In this paper, a two-level visual servo strategy is elaborately devised for an unmanned surface vehicle (USV) equipped with a pan-tilt camera, so as to exactly track the desired trajectory around a visual target without direct position measurements. In the lower level, a barrier function-based adaptive pseudo-inverse (BFAP) controller is specially designed for the camera to keep the target in sight. Together with a finite-time position observer (FPO) and a finite-time extended state observer (FESO), a model-free finite-time trajectory-tracking control (MFTC) scheme is naturally synthesized for the USV on the higher level.
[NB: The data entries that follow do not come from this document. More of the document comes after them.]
text \<open>
  Distinct vertices (g, h) and (x, y) of the modular product are adjacent exactly when
  x \<in> N_G[g] \<longleftrightarrow> y \<in> N_H[h]. If (g, h) and (g', h') are at distance at least 3, then
  g' \<in> N_G[g] or h' \<in> N_H[h], say the former; the candidate common neighbours (x, h),
  (x, h'), (g, y) and (x, y) then force condition (1), and conversely (1) leaves no common
  neighbour. For the upper bound, step from (g, h) to a neighbour that satisfies neither
  condition towards (g', h'); it is at distance at most 2. Such a neighbour exists unless
  N_G[g], N_H[h] and N_H[h'] are all complete components. In that case N_G[g] \<noteq> V(G)
  as G is not complete, so {h, h'} is a \<gamma>_H-pair and H is a disjoint union of two cliques;
  hence G is not, which yields a \<notin> N_G[g] with {a, g'} not a \<gamma>_G-pair, and (a, h') is
  the required neighbour.
\<close>

section \<open>Closed neighbourhoods and distances\<close>

lemma finite_simple_graphD:
  assumes "finite_simple_graph G"
  shows "adj G x y \<Longrightarrow> x \<in> verts G" and "adj G x y \<Longrightarrow> y \<in> verts G"
    and "adj G x y \<Longrightarrow> adj G y x" and "\<not> adj G x x"
  using assms by (auto simp: finite_simple_graph_def)

lemma mem_closed_nbhd_iff: "x \<in> closed_nbhd G v \<longleftrightarrow> x \<in> verts G \<and> (x = v \<or> adj G v x)"
  by (simp add: closed_nbhd_def)

lemma closed_nbhd_self: "v \<in> verts G \<Longrightarrow> v \<in> closed_nbhd G v"
  by (simp add: closed_nbhd_def)

lemma closed_nbhd_subset: "closed_nbhd G v \<subseteq> verts G"
  by (auto simp: closed_nbhd_def)

lemma closed_nbhd_commute:
  assumes "finite_simple_graph G"
  shows "x \<in> closed_nbhd G y \<longleftrightarrow> y \<in> closed_nbhd G x"
  using finite_simple_graphD[OF assms] by (auto simp: mem_closed_nbhd_iff)

lemma gamma_pair_commute: "gamma_pair G a b \<longleftrightarrow> gamma_pair G b a"
  unfolding gamma_pair_def by blast

lemma gamma_pair_closed_nbhd: "gamma_pair G a b \<Longrightarrow> closed_nbhd G a = verts G - closed_nbhd G b"
  unfolding gamma_pair_def using closed_nbhd_subset by blast

lemma gdist_le_enat_iff: "gdist G x y \<le> enat k \<longleftrightarrow> (\<exists>n\<le>k. (adj G ^^ n) x y)"
proof (cases "\<exists>n. (adj G ^^ n) x y")
  case True
  then have "gdist G x y = enat (LEAST n. (adj G ^^ n) x y)"
    by (simp add: gdist_def)
  moreover have "(LEAST n. (adj G ^^ n) x y) \<le> k \<longleftrightarrow> (\<exists>n\<le>k. (adj G ^^ n) x y)"
    using True by (meson LeastI_ex Least_le le_trans)
  ultimately show ?thesis by simp
next
  case False
  then show ?thesis by (simp add: gdist_def)
qed

lemma ex_le_2_nat_iff: "(\<exists>n\<le>2. P n) \<longleftrightarrow> P 0 \<or> P 1 \<or> P (2::nat)"
  by (auto simp: le_Suc_eq numeral_2_eq_2)

lemma gdist_ge_3_iff:
  "3 \<le> gdist G x y \<longleftrightarrow> x \<noteq> y \<and> \<not> adj G x y \<and> \<not> (\<exists>z. adj G x z \<and> adj G z y)"
proof -
  have "3 \<le> gdist G x y \<longleftrightarrow> \<not> gdist G x y \<le> enat 2"
    by (cases "gdist G x y") (auto simp: numeral_eq_enat)
  also have "\<dots> \<longleftrightarrow> \<not> ((adj G ^^ 0) x y \<or> (adj G ^^ 1) x y \<or> (adj G ^^ 2) x y)"
    by (simp only: gdist_le_enat_iff ex_le_2_nat_iff)
  finally show ?thesis by (simp add: numeral_2_eq_2 relcompp_apply)
qed

lemma gdist_le_Suc_if_adj:
  "adj G x y \<Longrightarrow> gdist G y z \<le> enat k \<Longrightarrow> gdist G x z \<le> enat (Suc k)"
  unfolding gdist_le_enat_iff by (blast intro: relpowp_Suc_I2)

lemma relpowp_symmetric:
  assumes "\<And>x y. R x y \<Longrightarrow> R y x" and "(R ^^ n) x y"
  shows "(R ^^ n) y x"
  using assms(2)
proof (induction n arbitrary: y)
  case (Suc n)
  then obtain z where "(R ^^ n) x z" and "R z y" by auto
  then show ?case using Suc.IH assms(1) by (blast intro: relpowp_Suc_I2)
qed simp

lemma gdist_commute:
  assumes "\<And>x y. adj G x y \<Longrightarrow> adj G y x"
  shows "gdist G x y = gdist G y x"
proof -
  have "(adj G ^^ n) x y \<longleftrightarrow> (adj G ^^ n) y x" for n
    using relpowp_symmetric[of "adj G", OF assms] by blast
  then show ?thesis by (simp add: gdist_def)
qed

lemma closed_nbhd_disjoint_if_gdist_ge_3:
  assumes "finite_simple_graph G" and "3 \<le> gdist G x y"
  shows "closed_nbhd G x \<inter> closed_nbhd G y = {}"
proof -
  have "x \<noteq> y" and "\<not> adj G x y" and "\<And>z. adj G x z \<Longrightarrow> \<not> adj G z y"
    using assms(2) by (auto simp: gdist_ge_3_iff)
  then show ?thesis
    using finite_simple_graphD(3)[OF assms(1)] by (auto simp: mem_closed_nbhd_iff) metis
qed

section \<open>Adjacency in the modular product\<close>

lemma adj_modular_product_iff:
  "adj (modular_product G H) (g, h) (x, y) \<longleftrightarrow>
     g \<in> verts G \<and> h \<in> verts H \<and> x \<in> verts G \<and> y \<in> verts H \<and> (g, h) \<noteq> (x, y) \<and>
     (x \<in> closed_nbhd G g \<longleftrightarrow> y \<in> closed_nbhd H h)"
  by (auto simp: modular_product_def mem_closed_nbhd_iff)

lemma adj_modular_product_commute:
  assumes "finite_simple_graph G" and "finite_simple_graph H"
    and "adj (modular_product G H) a b"
  shows "adj (modular_product G H) b a"
  using assms(3) closed_nbhd_commute[OF assms(1)] closed_nbhd_commute[OF assms(2)]
  by (cases a; cases b) (auto simp: adj_modular_product_iff)

lemma relpowp_swap:
  fixes R :: "'a \<times> 'b \<Rightarrow> 'a \<times> 'b \<Rightarrow> bool"
  shows "((\<lambda>a b. R (prod.swap a) (prod.swap b)) ^^ n) a b = (R ^^ n) (prod.swap a) (prod.swap b)"
proof (induction n arbitrary: b)
  case 0
  show ?case by (cases a, cases b) auto
next
  case (Suc n)
  have "((\<lambda>a b. R (prod.swap a) (prod.swap b)) ^^ Suc n) a b \<longleftrightarrow>
      (\<exists>c. (R ^^ n) (prod.swap a) (prod.swap c) \<and> R (prod.swap c) (prod.swap b))"
    by (simp add: Suc relcompp_apply)
  also have "\<dots> \<longleftrightarrow> (\<exists>d. (R ^^ n) (prod.swap a) d \<and> R d (prod.swap b))"
    by (rule iffI) (blast, metis swap_swap)
  finally show ?case by (simp add: relcompp_apply)
qed

lemma gdist_modular_product_swap:
  "gdist (modular_product H G) (h, g) (h', g') = gdist (modular_product G H) (g, h) (g', h')"
proof -
  have "adj (modular_product H G) = (\<lambda>a b. adj (modular_product G H) (prod.swap a) (prod.swap b))"
    by (intro ext) (auto simp: adj_modular_product_iff)
  then show ?thesis by (simp add: gdist_def relpowp_swap)
qed

section \<open>Pairs at distance at least 3\<close>

text \<open>Condition (1) of the theorem; condition (2) is \<open>far_condition H G h g h' g'\<close>.\<close>

definition far_condition :: "'a sgraph \<Rightarrow> 'b sgraph \<Rightarrow> 'a \<Rightarrow> 'b \<Rightarrow> 'a \<Rightarrow> 'b \<Rightarrow> bool" where
  "far_condition G H g h g' h' \<longleftrightarrow> closed_nbhd G g = closed_nbhd G g' \<and> 3 \<le> gdist H h h'
     \<and> (closed_nbhd G g = verts G \<or> gamma_pair H h h')"

lemma far_condition_commute:
  assumes "finite_simple_graph H"
  shows "far_condition G H g h g' h' \<longleftrightarrow> far_condition G H g' h' g h"
  using gdist_commute[of H h h'] finite_simple_graphD(3)[OF assms]
  unfolding far_condition_def gamma_pair_commute[of H h] by metis

lemma gdist_modular_product_ge_3_if_far_condition:
  assumes G: "finite_simple_graph G" and H: "finite_simple_graph H"
    and g': "g' \<in> verts G" and far: "far_condition G H g h g' h'"
  shows "3 \<le> gdist (modular_product G H) (g, h) (g', h')"
proof -
  from far have NE: "closed_nbhd G g = closed_nbhd G g'" and hh': "3 \<le> gdist H h h'"
    and univ_or_gamma: "closed_nbhd G g = verts G \<or> gamma_pair H h h'"
    by (auto simp: far_condition_def)
  have "g' \<in> closed_nbhd G g" using NE g' closed_nbhd_self by metis
  moreover have "h' \<notin> closed_nbhd H h" "h \<noteq> h'"
    using hh' closed_nbhd_self H by (fastforce simp: gdist_ge_3_iff mem_closed_nbhd_iff)+
  moreover have False
    if "adj (modular_product G H) (g, h) (x, y)" and "adj (modular_product G H) (x, y) (g', h')"
    for x y
  proof -
    have "y \<in> closed_nbhd H h \<longleftrightarrow> y \<in> closed_nbhd H h'"
      using that NE closed_nbhd_commute[OF G] closed_nbhd_commute[OF H]
      by (auto simp: adj_modular_product_iff)
    then have "y \<notin> closed_nbhd H h \<union> closed_nbhd H h'"
      using closed_nbhd_disjoint_if_gdist_ge_3[OF H hh'] by blast
    moreover have "x \<in> verts G - closed_nbhd G g" "y \<in> verts H"
      using that calculation by (auto simp: adj_modular_product_iff)
    ultimately show False
      using univ_or_gamma by (auto simp: gamma_pair_def)
  qed
  ultimately show ?thesis
    by (auto simp: gdist_ge_3_iff adj_modular_product_iff)
qed

lemma closed_nbhd_eq_if_gdist_modular_product_ge_3:
  assumes G: "finite_simple_graph G"
    and mem: "g \<in> verts G" "h \<in> verts H" "h' \<in> verts H"
    and far: "3 \<le> gdist (modular_product G H) (g, h) (g', h')"
    and g': "g' \<in> closed_nbhd G g"
  shows "closed_nbhd G g = closed_nbhd G g'"
proof (rule ccontr)
  let ?GH = "modular_product G H"
  have no_common: "\<not> (adj ?GH (g, h) (x, y) \<and> adj ?GH (x, y) (g', h'))" for x y
    using far by (auto simp: gdist_ge_3_iff)
  have "(g, h) \<noteq> (g', h')" and "\<not> adj ?GH (g, h) (g', h')"
    using far by (auto simp: gdist_ge_3_iff)
  then have h': "h' \<notin> closed_nbhd H h" and "h \<noteq> h'"
    using mem g' by (auto simp: adj_modular_product_iff mem_closed_nbhd_iff)
  have g: "g \<in> closed_nbhd G g'" using g' closed_nbhd_commute[OF G] by blast
  assume "closed_nbhd G g \<noteq> closed_nbhd G g'"
  then consider x where "x \<in> closed_nbhd G g" "x \<notin> closed_nbhd G g'"
    | x where "x \<in> closed_nbhd G g'" "x \<notin> closed_nbhd G g"
    by blast
  then show False
  proof cases
    case (1 x)
    have "g' \<notin> closed_nbhd G x" using 1 closed_nbhd_commute[OF G] by blast
    then have "adj ?GH (g, h) (x, h)" and "adj ?GH (x, h) (g', h')"
      using 1 g g' h' \<open>h \<noteq> h'\<close> mem closed_nbhd_self[of h H]
      by (auto simp: adj_modular_product_iff mem_closed_nbhd_iff)
    then show False using no_common by blast
  next
    case (2 x)
    have "g' \<in> closed_nbhd G x" using 2 closed_nbhd_commute[OF G] by blast
    then have "adj ?GH (g, h) (x, h')" and "adj ?GH (x, h') (g', h')"
      using 2 g' h' \<open>h \<noteq> h'\<close> mem closed_nbhd_self[of h' H]
      by (auto simp: adj_modular_product_iff mem_closed_nbhd_iff)
    then show False using no_common by blast
  qed
qed

lemma far_condition_if_gdist_modular_product_ge_3:
  assumes G: "finite_simple_graph G" and H: "finite_simple_graph H"
    and mem: "g \<in> verts G" "h \<in> verts H" "h' \<in> verts H"
    and far: "3 \<le> gdist (modular_product G H) (g, h) (g', h')"
    and g': "g' \<in> closed_nbhd G g"
  shows "far_condition G H g h g' h'"
proof -
  let ?GH = "modular_product G H"
  have no_common: "\<not> (adj ?GH (g, h) (x, y) \<and> adj ?GH (x, y) (g', h'))" for x y
    using far by (auto simp: gdist_ge_3_iff)
  have "(g, h) \<noteq> (g', h')" and "\<not> adj ?GH (g, h) (g', h')"
    using far by (auto simp: gdist_ge_3_iff)
  then have h': "h' \<notin> closed_nbhd H h" and "h \<noteq> h'"
    using mem g' by (auto simp: adj_modular_product_iff mem_closed_nbhd_iff)
  have g'_vert: "g' \<in> verts G" using g' by (simp add: mem_closed_nbhd_iff)
  have NE: "closed_nbhd G g = closed_nbhd G g'"
    using closed_nbhd_eq_if_gdist_modular_product_ge_3[OF G mem far g'] .
  have hh': "3 \<le> gdist H h h'"
  proof -
    have False if "adj H h y" and "adj H y h'" for y
      using no_common[of g y] that g' h' mem closed_nbhd_self finite_simple_graphD[OF H]
      by (auto simp: adj_modular_product_iff mem_closed_nbhd_iff)
    then show ?thesis using h' mem by (auto simp: gdist_ge_3_iff mem_closed_nbhd_iff)
  qed
  have "closed_nbhd G g = verts G \<or> gamma_pair H h h'"
  proof (rule ccontr)
    assume "\<not> ?thesis"
    moreover have "closed_nbhd H h \<inter> closed_nbhd H h' = {}"
      using closed_nbhd_disjoint_if_gdist_ge_3[OF H hh'] .
    ultimately obtain x y where "x \<in> verts G" "x \<notin> closed_nbhd G g"
      and "y \<in> verts H" "y \<notin> closed_nbhd H h" "y \<notin> closed_nbhd H h'"
      using closed_nbhd_subset[of G g] closed_nbhd_subset[of H h] closed_nbhd_subset[of H h']
        mem \<open>h \<noteq> h'\<close>
      unfolding gamma_pair_def by blast
    moreover have "g' \<notin> closed_nbhd G x" "h' \<notin> closed_nbhd H y"
      using calculation NE closed_nbhd_commute[OF G] closed_nbhd_commute[OF H] by blast+
    ultimately have "adj ?GH (g, h) (x, y)" and "adj ?GH (x, y) (g', h')"
      using mem g' g'_vert closed_nbhd_self[of g G] by (auto simp: adj_modular_product_iff)
    then show False using no_common by blast
  qed
  with NE hh' show ?thesis by (simp add: far_condition_def)
qed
Prominent advantages are presented as follows: 1) The BFAP controller can not only circumvent the singularity issue in a simpler manner, but also solve the field-of-view problem thoroughly in spite of unknown image depth; 2) The FPO provides a new vision-based method to locate the USV by rapidly calibrating a constant extrinsic parameter of the camera online, achieving higher positioning accuracy; and 3) The MFTC scheme allows all model information of the USV to be unknown, which is more favorable to practical implementations. Stability analyses are strictly made by the Lyapunov theory, and simulation studies conducted on the prototype CyberShip II comprehensively demonstrate remarkable performance of the proposed BFAP controller and MFTC scheme.